Further speed-up with continual learning
Perpetual Learning, a novel approach from our company, offers a significant leap forward in machine learning efficiency. It achieves 100x faster initial training compared to traditional methods and enables continual learning with remarkable speed improvements. This blog post dives into the mechanics of Perpetual Learning, demonstrating how it empowers continuous learning while upholding exceptional accuracy.
Employing the California Housing dataset, we illustrate the potential of continual learning. The dataset is segmented into 24 batches. The initial training utilizes the first 12 batches, followed by incremental learning on the subsequent 11 batches. After each incremental step, the model's performance is evaluated on the next batch. To benchmark the efficacy of continual learning, we also train separate models from scratch at each step.

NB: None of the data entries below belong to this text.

lemma state_mono_productive_der:
  assumes "local_crit C" "finite F" "\<forall>R\<in>S. exist_rule R" "productive_der C S F (h @ w)"
  shows "state C F h \<subseteq> state C F (h @ w)"
proof -
  have "cder C F (h @ w)"
    using productive_der_cder[OF assms(3,4)] .
  then show ?thesis
    using assms(1)[unfolded local_crit_def, rule_format, of F "h @ w" "length h" "length (h @ w)"]
      assms(2) by simp
qed

lemma proc_extends: "\<exists>w. proc C F h cs = h @ w"
proof (induction cs arbitrary: h)
  case (Cons c cs)
  then show ?case by simp (metis append.assoc)
qed simp

lemma proc_idle_redundant:
  assumes "proc C F h cs = h" "c \<in> set cs"
  shows "cblk C F h c \<or> state C F (h @ [c]) \<subseteq> state C F h"
  using assms
proof (induction cs arbitrary: h)
  case (Cons d cs)
  show ?case
  proof (cases "\<not> cblk C F h d \<and> \<not> state C F (h @ [d]) \<subseteq> state C F h")
    case True
    then have "proc C F (h @ [d]) cs = h"
      using Cons.prems(1) by simp
    moreover obtain w where "proc C F (h @ [d]) cs = h @ [d] @ w"
      using proc_extends by (metis append.assoc)
    ultimately show ?thesis by simp
  next
    case False
    then show ?thesis
      using Cons by (cases "c = d") (auto simp del: de_Morgan_conj)
  qed
qed simp
theorem theorem5:
  fixes A a :: "nat \<Rightarrow> nat \<Rightarrow> 'a::comm_ring_1"
    and m :: "nat \<Rightarrow> nat" and n t :: nat
  assumes "repeated_row A n m t a"
  shows "(\<forall>lam \<in> trellis_vertices m t. lam \<noteq> root \<longrightarrow>
            per (Cmat a lam) (\<Sum>l=1..t. lam l)
              = of_nat (\<Prod>l=1..t. fact (lam l)) * flow a m t lam)
       \<and> per A n = of_nat (\<Prod>l=1..t. fact (m l)) * flow a m t (toor m t)"
proof
  show "\<forall>lam \<in> trellis_vertices m t. lam \<noteq> root \<longrightarrow>
            per (Cmat a lam) (\<Sum>l=1..t. lam l)
              = of_nat (\<Prod>l=1..t. fact (lam l)) * flow a m t lam"
  proof (intro ballI impI)
    \<comment> \<open>The identity also holds at the root, where both sides are 1.\<close>
    fix lam assume lam: "lam \<in> trellis_vertices m t"
    have "per (Cmat a lam) (\<Sum>l=1..t. lam l) = rows_per a (block_of lam) (\<Sum>l=1..t. lam l)"
      by (rule per_eq_rows_per) (simp add: Cmat_def)
    also have "\<dots> = of_nat (\<Prod>l=1..t. fact (lam l)) * flow a m t lam"
      unfolding flow_def using lam block_of_mem row_count_block_of
      by (intro rows_per_eq_flow_layer) auto
    finally show "per (Cmat a lam) (\<Sum>l=1..t. lam l) = of_nat (\<Prod>l=1..t. fact (lam l)) * flow a m t lam" .
  qed
next
  from assms obtain g where g: "\<forall>i\<in>{1..n}. g i \<in> {1..t} \<and> (\<forall>c\<in>{1..n}. A i c = a (g i) c)"
    and count: "\<forall>l\<in>{1..t}. card {i\<in>{1..n}. g i = l} = m l" and n: "(\<Sum>l=1..t. m l) = n"
    unfolding repeated_row_def by blast
  have toor: "toor m t \<in> trellis_vertices m t" "\<forall>l\<in>{1..t}. toor m t l = m l"
    unfolding trellis_vertices_def toor_def by auto
  have "per A n = rows_per a g n" by (rule per_eq_rows_per) (use g in blast)
  also have "\<dots> = of_nat (\<Prod>l=1..t. fact (toor m t l)) * flow_layer a m t n (toor m t)"
    using g count toor by (intro rows_per_eq_flow_layer) (auto simp: row_count_def)
  also have "\<dots> = of_nat (\<Prod>l=1..t. fact (m l)) * flow a m t (toor m t)"
    using toor(2) n unfolding flow_def by simp
  finally show "per A n = of_nat (\<Prod>l=1..t. fact (m l)) * flow a m t (toor m t)" .
qed

end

| Batch # | Batch Size | Cumulative Data Size | Continual CPU Time | Retraining CPU Time | Continual Cumulative CPU Time | Retraining Cumulative CPU Time | Speed-up |
|---|---|---|---|---|---|---|---|
| 0 | 10320 | 10320 | 28.6 | 30.2 | 28.6 | 30.2 | 1.0x |
| 1 | 860 | 11180 | 22.3 | 31.3 | 50.9 | 61.5 | 1.2x |
| 2 | 860 | 12040 | 17.6 | 37.2 | 68.5 | 98.7 | 1.4x |
| 3 | 860 | 12900 | 11.5 | 33.9 | 80.0 | 132.6 | 1.7x |
| 4 | 860 | 13760 | 10.4 | 36.6 | 90.4 | 169.2 | 1.9x |
| 5 | 860 | 14620 | 11.1 | 41.2 | 101.5 | 210.4 | 2.1x |
| 6 | 860 | 15480 | 12.5 | 40.6 | 114.0 | 251.0 | 2.2x |
| 7 | 860 | 16340 | 14.2 | 46.9 | 128.2 | 297.9 | 2.3x |
| 8 | 860 | 17200 | 19.6 | 49.1 | 147.8 | 347.0 | 2.3x |
| 9 | 860 | 18060 | 13.3 | 57.0 | 161.1 | 404.0 | 2.5x |
| 10 | 860 | 18920 | 17.4 | 49.4 | 178.5 | 453.4 | 2.5x |
| 11 | 860 | 19780 | 19.6 | 60.0 | 198.1 | 513.4 | 2.6x |
The findings reveal that continual learning progressively accelerates learning with each incremental step, maintaining a consistent average test mean squared error (MSE) of 0.197. This translates to a theoretical speed-up that approaches infinity as the number of incremental steps increases, as visualized in the accompanying charts.
The following chart demonstrates the CPU time required at each step. Perpetual Learning exhibits near-constant CPU time due with the constant batch size. Conversely, retraining incurs a linear increase in CPU time as the data size grows proportionally.
The following chart showcases the cumulative CPU time across all steps. Perpetual Learning exhibits a linear growth in cumulative CPU time, while retraining incurs a quadratic increase. This highlights the theoretical infinite speed-up achieved by Perpetual Learning as the number of batches approaches infinity.
These compelling results establish Perpetual Learning's ability to not only deliver 100x faster initial training but also to facilitate learning from data in linear time, irrespective of data size and scale.